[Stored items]
┄┄┄┄┄┄┄┄┄┄┄┄┄┄┄┄┄┄┄┄

(* Assume that $I\subset J\hat{J}$. Then the natural reduction homomorphism $\pi_I:\Gamma(J,\hat{J})\to\overline{\Gamma}_I(J,\hat{J})$ is surjective.
   Context: $F$ is a totally real number field with ring of integers $R$; $J,\hat J\subset F$ are fractional ideals with $J\hat J\subset R$, and $I\subset R$ is a non-zero ideal. $\Gamma(J,\hat J)$ is the group of matrices $\begin{pmatrix} a_{11} & a_{12}\\ a_{21} & a_{22}\end{pmatrix}\in\operatorname{SL}_2(F)$ with $a_{11},a_{22}\in R$, $a_{12}\in J$, $a_{21}\in\hat J$. $\overline{\Gamma}_I(J,\hat J)$ is the group of matrices $\begin{pmatrix} \bar a_{11} & \bar a_{12}\\ \bar a_{21} & \bar a_{22}\end{pmatrix}$ with $\bar a_{11},\bar a_{22}\in R/I$, $\bar a_{12}\in J/IJ$, $\bar a_{21}\in\hat J/I\hat J$ and $\bar a_{11}\bar a_{22}-\bar a_{12}\bar a_{21}=1$ (using the map $J/IJ\otimes\hat J/I\hat J\to R/I$ induced by multiplication). *)

theory Defs
  imports Complex_Main "HOL-Computational_Algebra.Polynomial"
begin

definition number_field :: "'a::field_char_0 itself \<Rightarrow> bool" where
  "number_field _ \<longleftrightarrow>
     (\<exists>B::'a list. \<forall>x::'a. \<exists>c::nat \<Rightarrow> rat. x = (\<Sum>i<length B. of_rat (c i) * B ! i))"

definition totally_real :: "'a::field_char_0 itself \<Rightarrow> bool" where
  "totally_real _ \<longleftrightarrow>
     (\<forall>\<sigma>::'a \<Rightarrow> complex.
        (\<sigma> 1 = 1 \<and> (\<forall>x y. \<sigma> (x + y) = \<sigma> x + \<sigma> y) \<and> (\<forall>x y. \<sigma> (x * y) = \<sigma> x * \<sigma> y))
        \<longrightarrow> (\<forall>x. \<sigma> x \<in> \<real>))"
(* Let $f:\mathbb{T}\to\mathbb{R}$ and $\nu\ge0$. For all $t\in\mathbb{T}^\kappa$, $$({}_h\Delta_{\rho(b)}^{-\nu}f^{\Delta})(t-\nu h)=\frac{\nu}{\Gamma(\nu+1)}(b+\nu h-\sigma(t))_h^{(\nu-1)}f(b)+\bigl[\tau\mapsto({}_h\Delta_b^{-\nu}f)(\tau-\nu h)\bigr]^{\Delta}(t),$$ where on the left the right fractional $h$-sum with upper endpoint $\rho(b)=b-h$ is applied to $f^\Delta$ (a function on $\mathbb{T}^\kappa$).
   Context: Let $a\in\mathbb{R}$, $h>0$, $b=a+kh$ with $k\in\mathbb{N}$, $\mathbb{T}=\{a,a+h,\dots,b\}$, $\mathbb{T}^\kappa=\mathbb{T}\setminus\{b\}$, $\sigma(t)=t+h$, $\rho(t)=t-h$, $g^\Delta(t)=(g(t+h)-g(t))/h$. For $c\le d$ in $\{a+jh:j\in\mathbb{Z}\}$, $\int_c^dg(s)\Delta s:=h\sum_{j=0}^{(d-c)/h-1}g(c+jh)$. $h$-factorial: $x_h^{(y)}:=h^y\Gamma(\frac{x}{h}+1)/\Gamma(\frac{x}{h}+1-y)$ (division at a pole yields zero). For $\nu\ge0$, $c\in\mathbb{T}$ and $g$ defined on $\{s\in\mathbb{T}:s\le c\}$, the right fractional $h$-sum with upper endpoint $c$ (written at the shifted point) is, for $t\in\mathbb{T}$, $t\le c$: $({}_h\Delta_c^{-\nu}g)(t-\nu h):=h^\nu g(t)+\frac{\nu}{\Gamma(\nu+1)}\int_{\sigma(t)}^{\sigma(c)}(s+\nu h-\sigma(t))_h^{(\nu-1)}g(s)\Delta s.$ *)

theory Defs
  imports "HOL-Analysis.Analysis"
begin

text \<open>Time scale T = {a, a+h, ..., b} with b = a + k h; functions on T are
represented as functions real => real of which only the values on T matter.\<close>

definition hdelta :: "real \<Rightarrow> (real \<Rightarrow> real) \<Rightarrow> real \<Rightarrow> real" where
  "hdelta h g t = (g (t + h) - g t) / h"

text \<open>Delta integral from c to d (d - c a nonnegative multiple of h).\<close>
definition hint :: "real \<Rightarrow> real \<Rightarrow> real \<Rightarrow> (real \<Rightarrow> real) \<Rightarrow> real" where
  "hint h c d g = h * (\<Sum>j<nat (round ((d - c) / h)). g (c + real j * h))"

text \<open>h-factorial x_h^(y); division at a pole of Gamma yields zero.\<close>
definition hfact :: "real \<Rightarrow> real \<Rightarrow> real \<Rightarrow> real" where
  "hfact h x y = (if x / h + 1 - y \<in> \<int>\<^sub>\<le>\<^sub>0 then 0
      else h powr y * Gamma (x / h + 1) / Gamma (x / h + 1 - y))"

text \<open>rfsum h nu c g t = (right fractional h-sum with upper endpoint c of g)(t - nu h).\<close>
definition rfsum :: "real \<Rightarrow> real \<Rightarrow> real \<Rightarrow> (real \<Rightarrow> real) \<Rightarrow> real \<Rightarrow> real" where
  "rfsum h \<nu> c g t = h powr \<nu> * g t
     + \<nu> / Gamma (\<nu> + 1) * hint h (t + h) (c + h) (\<lambda>s. hfact h (s + \<nu> * h - (t + h)) (\<nu> - 1) * g s)"

end

theory Submission
  imports Defs
begin

(* On the grid, a right fractional h-sum is a finite sum: if the upper
   endpoint is c = t + m h, then
     rfsum h nu c g t = h^nu g(t) + nu/Gamma(nu+1) * h * sum_{i<m} K_i g(t + (i+1) h)
   with the translation-invariant kernel K_i = (i h + nu h)_h^(nu-1)  (lemma rfsum_grid).
   Write b = t + (n+1) h.  The three fractional sums occurring in the theorem are then
   finite sums with the same kernel: the left side has endpoint b - h = t + n h, and the
   difference quotient on the right compares the sum at t+h (endpoint b = (t+h) + n h)
   with the sum at t (endpoint b = t + (n+1) h).  The latter has one extra term
   K_n f(b), which is exactly the boundary term of the theorem; the remaining n terms
   of the difference quotient are the left-hand sum applied to the difference quotient
   of f, by linearity. *)

lemma hint_grid:
  assumes "h > 0"
  shows "hint h c (c + real m * h) G = h * (\<Sum>j<m. G (c + real j * h))"
proof -
  have "(c + real m * h - c) / h = real m" using assms by simp
  then have "nat (round ((c + real m * h - c) / h)) = m"
    by (metis nat_int round_of_nat)
  then show ?thesis unfolding hint_def by simp
qed

definition rf_kernel :: "real \<Rightarrow> real \<Rightarrow> nat \<Rightarrow> real" where
  "rf_kernel h \<nu> i = hfact h ((real i + \<nu>) * h) (\<nu> - 1)"

lemma rfsum_grid:
  assumes "h > 0"
  shows "rfsum h \<nu> (t + real m * h) g t = h powr \<nu> * g t
           + \<nu> / Gamma (\<nu> + 1) * h * (\<Sum>i<m. rf_kernel h \<nu> i * g (t + real (Suc i) * h))"
proof -
  have endpoint: "t + real m * h + h = (t + h) + real m * h" by simp
  have summand: "hfact h (t + h + real i * h + \<nu> * h - (t + h)) (\<nu> - 1) * g (t + h + real i * h)
      = rf_kernel h \<nu> i * g (t + real (Suc i) * h)" for i
    unfolding rf_kernel_def by (simp add: algebra_simps)
  show ?thesis
    unfolding rfsum_def endpoint hint_grid[OF assms] summand by simp
qed

theorem mainTheorem8:
  fixes a h b \<nu> t :: real and k :: nat and f :: "real \<Rightarrow> real"
  assumes "h > 0" and "b = a + real k * h" and "\<nu> \<ge> 0"
    and "t \<in> {a + real j * h | j. j < k}"
  shows "rfsum h \<nu> (b - h) (hdelta h f) t
       = \<nu> / Gamma (\<nu> + 1) * hfact h (b + \<nu> * h - (t + h)) (\<nu> - 1) * f b
         + hdelta h (\<lambda>\<tau>. rfsum h \<nu> b f \<tau>) t"
proof -
  obtain j where t: "t = a + real j * h" and "j < k" using assms(4) by auto
  define n where "n = k - j - 1"
  have b: "b = t + real (Suc n) * h"
    using assms(2) t \<open>j < k\<close> by (simp add: n_def of_nat_diff algebra_simps)
  define C where "C = \<nu> / Gamma (\<nu> + 1)"
  define K where "K = rf_kernel h \<nu>"
  define S\<^sub>1 where "S\<^sub>1 = (\<Sum>i<n. K i * f (t + real (Suc i) * h + h))"
  define S\<^sub>0 where "S\<^sub>0 = (\<Sum>i<n. K i * f (t + real (Suc i) * h))"
  have lhs: "rfsum h \<nu> (b - h) (hdelta h f) t = h powr \<nu> * hdelta h f t
      + C * h * (\<Sum>i<n. K i * hdelta h f (t + real (Suc i) * h))"
    using rfsum_grid[OF assms(1), of \<nu> t n] by (simp add: b C_def K_def algebra_simps)
  have shifted: "rfsum h \<nu> b f (t + h) = h powr \<nu> * f (t + h) + C * h * S\<^sub>1"
    using rfsum_grid[OF assms(1), of \<nu> "t + h" n f]
    by (simp add: b C_def K_def S\<^sub>1_def algebra_simps)
  have unshifted: "rfsum h \<nu> b f t = h powr \<nu> * f t + C * h * (S\<^sub>0 + K n * f b)"
    using rfsum_grid[OF assms(1), of \<nu> t "Suc n" f] by (simp add: b C_def K_def S\<^sub>0_def)
  have boundary: "hfact h (b + \<nu> * h - (t + h)) (\<nu> - 1) = K n"
    unfolding K_def rf_kernel_def by (simp add: b algebra_simps)
  have linear: "h * (\<Sum>i<n. K i * hdelta h f (t + real (Suc i) * h)) = S\<^sub>1 - S\<^sub>0"
    unfolding S\<^sub>1_def S\<^sub>0_def sum_distrib_left sum_subtractf[symmetric]
    using assms(1) by (intro sum.cong) (simp_all add: hdelta_def field_simps)
  have "hdelta h (\<lambda>\<tau>. rfsum h \<nu> b f \<tau>) t
      = h powr \<nu> * hdelta h f t + C * (S\<^sub>1 - S\<^sub>0) - C * K n * f b"
    unfolding hdelta_def[of h "\<lambda>\<tau>. rfsum h \<nu> b f \<tau>"] shifted unshifted
    using assms(1) by (simp add: hdelta_def[of h f] field_simps)
  then show ?thesis
    unfolding lhs boundary C_def[symmetric] mult.assoc linear by (simp add: algebra_simps)
qed

end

┄┄┄┄┄┄┄┄┄┄┄┄┄┄┄┄┄┄┄┄

> _REQUIRED ACTION_
Where in the records above does the word "using" appear? Copy each line that holds it.

> _TASK RESULT_
   Context: $F$ is a totally real number field with ring of integers $R$; $J,\hat J\subset F$ are fractional ideals with $J\hat J\subset R$, and $I\subset R$ is a non-zero ideal. $\Gamma(J,\hat J)$ is the group of matrices $\begin{pmatrix} a_{11} & a_{12}\\ a_{21} & a_{22}\end{pmatrix}\in\operatorname{SL}_2(F)$ with $a_{11},a_{22}\in R$, $a_{12}\in J$, $a_{21}\in\hat J$. $\overline{\Gamma}_I(J,\hat J)$ is the group of matrices $\begin{pmatrix} \bar a_{11} & \bar a_{12}\\ \bar a_{21} & \bar a_{22}\end{pmatrix}$ with $\bar a_{11},\bar a_{22}\in R/I$, $\bar a_{12}\in J/IJ$, $\bar a_{21}\in\hat J/I\hat J$ and $\bar a_{11}\bar a_{22}-\bar a_{12}\bar a_{21}=1$ (using the map $J/IJ\otimes\hat J/I\hat J\to R/I$ induced by multiplication). *)
  have "(c + real m * h - c) / h = real m" using assms by simp
  obtain j where t: "t = a + real j * h" and "j < k" using assms(4) by auto
    using assms(2) t \<open>j < k\<close> by (simp add: n_def of_nat_diff algebra_simps)
    using rfsum_grid[OF assms(1), of \<nu> t n] by (simp add: b C_def K_def algebra_simps)
    using rfsum_grid[OF assms(1), of \<nu> "t + h" n f]
    using rfsum_grid[OF assms(1), of \<nu> t "Suc n" f] by (simp add: b C_def K_def S\<^sub>0_def)
    using assms(1) by (intro sum.cong) (simp_all add: hdelta_def field_simps)
    using assms(1) by (simp add: hdelta_def[of h f] field_simps)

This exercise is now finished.